Aim of the exercise:
Reproduce the entries below in full, word for word.

########

(* Fix $\alpha\in[0,1)$, $p>1$ and $C>0$. If $X\sim\mathrm{RDTS}^p_\alpha(1,C)$, then $$X\stackrel{d}{=}X_0+\sum_{j=1}^{N_1}X_j+\sum_{j=1}^{N_2}Y_j,$$ where $N_1,N_2,X_0,X_1,X_2,\dots,Y_1,Y_2,\dots$ are independent random variables such that: (1) $N_1\sim\mathrm{Pois}(CK_1)$ and $N_2\sim\mathrm{Pois}(CK_2)$, where $$K_1=\int_1^\infty e^{-x^p}x^{-1-\alpha}\,dx=\frac1p\int_1^\infty e^{-x}x^{-1-\alpha/p}\,dx,\qquad K_2=\int_0^1\left(e^{-x^p}-e^{-x}\right)x^{-\alpha-1}\,dx;$$ (2) $X_0\sim\mathrm{TTS}_\alpha(C)$; (3) $X_1,X_2,\dots$ all have pdf $f_1(x)=\frac1{K_1}e^{-x^p}x^{-1-\alpha}$ for $x>1$ (and $0$ otherwise); (4) $Y_1,Y_2,\dots$ all have pdf $f_2(x)=\frac1{K_2}\left(e^{-x^p}-e^{-x}\right)x^{-\alpha-1}$ for $0<x<1$ (and $0$ otherwise). (An empty sum is $0$.)
   Context: For $\alpha<1$, $p>1$, $b>0$, $C>0$, $\mathrm{RDTS}^p_\alpha(b,C)$ denotes the infinitely divisible distribution on $\mathbb R$ with characteristic function $z\mapsto \exp\{C\int_0^\infty(e^{ixz}-1)x^{-1-\alpha}e^{-b^px^p}\,dx\}$. For $C>0$ and $\alpha\in[0,1)$, the truncated tempered stable distribution $\mathrm{TTS}_\alpha(C)$ is the infinitely divisible distribution with characteristic function $z\mapsto\exp\{C\int_0^1(e^{ixz}-1)x^{-1-\alpha}e^{-x}\,dx\}$. $\mathrm{Pois}(\lambda)$ denotes the Poisson distribution with mean $\lambda$. *)

theory Defs
  imports "HOL-Probability.Probability"
begin

definition rdts_cf :: "real \<Rightarrow> real \<Rightarrow> real \<Rightarrow> real \<Rightarrow> real \<Rightarrow> complex" where
  "rdts_cf p \<alpha> b C z = exp (of_real C * set_lebesgue_integral lborel {0<..}
      (\<lambda>x::real. (iexp (x * z) - 1) * of_real (x powr (-1 - \<alpha>) * exp (- ((b * x) powr p)))))"

definition is_RDTS :: "real \<Rightarrow> real \<Rightarrow> real \<Rightarrow> real \<Rightarrow> real measure \<Rightarrow> bool" where
  "is_RDTS p \<alpha> b C \<mu> \<longleftrightarrow> real_distribution \<mu> \<and> (\<forall>z. char \<mu> z = rdts_cf p \<alpha> b C z)"

definition tts_cf :: "real \<Rightarrow> real \<Rightarrow> real \<Rightarrow> complex" where
  "tts_cf \<alpha> C z = exp (of_real C * set_lebesgue_integral lborel {0<..<1}
      (\<lambda>x::real. (iexp (x * z) - 1) * of_real (x powr (-1 - \<alpha>) * exp (- x))))"

definition is_TTS :: "real \<Rightarrow> real \<Rightarrow> real measure \<Rightarrow> bool" where
  "is_TTS \<alpha> C \<mu> \<longleftrightarrow> real_distribution \<mu> \<and> (\<forall>z. char \<mu> z = tts_cf \<alpha> C z)"

definition K1 :: "real \<Rightarrow> real \<Rightarrow> real" where
  "K1 p \<alpha> = (LBINT x:{1<..}. exp (- (x powr p)) * x powr (-1 - \<alpha>))"

definition K2 :: "real \<Rightarrow> real \<Rightarrow> real" where
  "K2 p \<alpha> = (LBINT x:{0<..<1}. (exp (- (x powr p)) - exp (- x)) * x powr (- \<alpha> - 1))"

definition f1 :: "real \<Rightarrow> real \<Rightarrow> real \<Rightarrow> real" where
  "f1 p \<alpha> x = (if 1 < x then exp (- (x powr p)) * x powr (-1 - \<alpha>) / K1 p \<alpha> else 0)"

definition f2 :: "real \<Rightarrow> real \<Rightarrow> real \<Rightarrow> real" where
  "f2 p \<alpha> x = (if 0 < x \<and> x < 1 then (exp (- (x powr p)) - exp (- x)) * x powr (- \<alpha> - 1) / K2 p \<alpha> else 0)"

text \<open>Index set for the independent family: N1, N2, X0, X_j, Y_j (j >= 1).\<close>
datatype idx = IN1 | IN2 | IX0 | IX nat | IY nat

########

The completed task:
(* Fix $\alpha\in[0,1)$, $p>1$ and $C>0$. If $X\sim\mathrm{RDTS}^p_\alpha(1,C)$, then $$X\stackrel{d}{=}X_0+\sum_{j=1}^{N_1}X_j+\sum_{j=1}^{N_2}Y_j,$$ where $N_1,N_2,X_0,X_1,X_2,\dots,Y_1,Y_2,\dots$ are independent random variables such that: (1) $N_1\sim\mathrm{Pois}(CK_1)$ and $N_2\sim\mathrm{Pois}(CK_2)$, where $$K_1=\int_1^\infty e^{-x^p}x^{-1-\alpha}\,dx=\frac1p\int_1^\infty e^{-x}x^{-1-\alpha/p}\,dx,\qquad K_2=\int_0^1\left(e^{-x^p}-e^{-x}\right)x^{-\alpha-1}\,dx;$$ (2) $X_0\sim\mathrm{TTS}_\alpha(C)$; (3) $X_1,X_2,\dots$ all have pdf $f_1(x)=\frac1{K_1}e^{-x^p}x^{-1-\alpha}$ for $x>1$ (and $0$ otherwise); (4) $Y_1,Y_2,\dots$ all have pdf $f_2(x)=\frac1{K_2}\left(e^{-x^p}-e^{-x}\right)x^{-\alpha-1}$ for $0<x<1$ (and $0$ otherwise). (An empty sum is $0$.)
   Context: For $\alpha<1$, $p>1$, $b>0$, $C>0$, $\mathrm{RDTS}^p_\alpha(b,C)$ denotes the infinitely divisible distribution on $\mathbb R$ with characteristic function $z\mapsto \exp\{C\int_0^\infty(e^{ixz}-1)x^{-1-\alpha}e^{-b^px^p}\,dx\}$. For $C>0$ and $\alpha\in[0,1)$, the truncated tempered stable distribution $\mathrm{TTS}_\alpha(C)$ is the infinitely divisible distribution with characteristic function $z\mapsto\exp\{C\int_0^1(e^{ixz}-1)x^{-1-\alpha}e^{-x}\,dx\}$. $\mathrm{Pois}(\lambda)$ denotes the Poisson distribution with mean $\lambda$. *)

theory Defs
  imports "HOL-Probability.Probability"
begin

definition rdts_cf :: "real \<Rightarrow> real \<Rightarrow> real \<Rightarrow> real \<Rightarrow> real \<Rightarrow> complex" where
  "rdts_cf p \<alpha> b C z = exp (of_real C * set_lebesgue_integral lborel {0<..}
      (\<lambda>x::real. (iexp (x * z) - 1) * of_real (x powr (-1 - \<alpha>) * exp (- ((b * x) powr p)))))"

definition is_RDTS :: "real \<Rightarrow> real \<Rightarrow> real \<Rightarrow> real \<Rightarrow> real measure \<Rightarrow> bool" where
  "is_RDTS p \<alpha> b C \<mu> \<longleftrightarrow> real_distribution \<mu> \<and> (\<forall>z. char \<mu> z = rdts_cf p \<alpha> b C z)"

definition tts_cf :: "real \<Rightarrow> real \<Rightarrow> real \<Rightarrow> complex" where
  "tts_cf \<alpha> C z = exp (of_real C * set_lebesgue_integral lborel {0<..<1}
      (\<lambda>x::real. (iexp (x * z) - 1) * of_real (x powr (-1 - \<alpha>) * exp (- x))))"

definition is_TTS :: "real \<Rightarrow> real \<Rightarrow> real measure \<Rightarrow> bool" where
  "is_TTS \<alpha> C \<mu> \<longleftrightarrow> real_distribution \<mu> \<and> (\<forall>z. char \<mu> z = tts_cf \<alpha> C z)"

definition K1 :: "real \<Rightarrow> real \<Rightarrow> real" where
  "K1 p \<alpha> = (LBINT x:{1<..}. exp (- (x powr p)) * x powr (-1 - \<alpha>))"

definition K2 :: "real \<Rightarrow> real \<Rightarrow> real" where
  "K2 p \<alpha> = (LBINT x:{0<..<1}. (exp (- (x powr p)) - exp (- x)) * x powr (- \<alpha> - 1))"

definition f1 :: "real \<Rightarrow> real \<Rightarrow> real \<Rightarrow> real" where
  "f1 p \<alpha> x = (if 1 < x then exp (- (x powr p)) * x powr (-1 - \<alpha>) / K1 p \<alpha> else 0)"

definition f2 :: "real \<Rightarrow> real \<Rightarrow> real \<Rightarrow> real" where
  "f2 p \<alpha> x = (if 0 < x \<and> x < 1 then (exp (- (x powr p)) - exp (- x)) * x powr (- \<alpha> - 1) / K2 p \<alpha> else 0)"

text \<open>Index set for the independent family: N1, N2, X0, X_j, Y_j (j >= 1).\<close>
datatype idx = IN1 | IN2 | IX0 | IX nat | IY nat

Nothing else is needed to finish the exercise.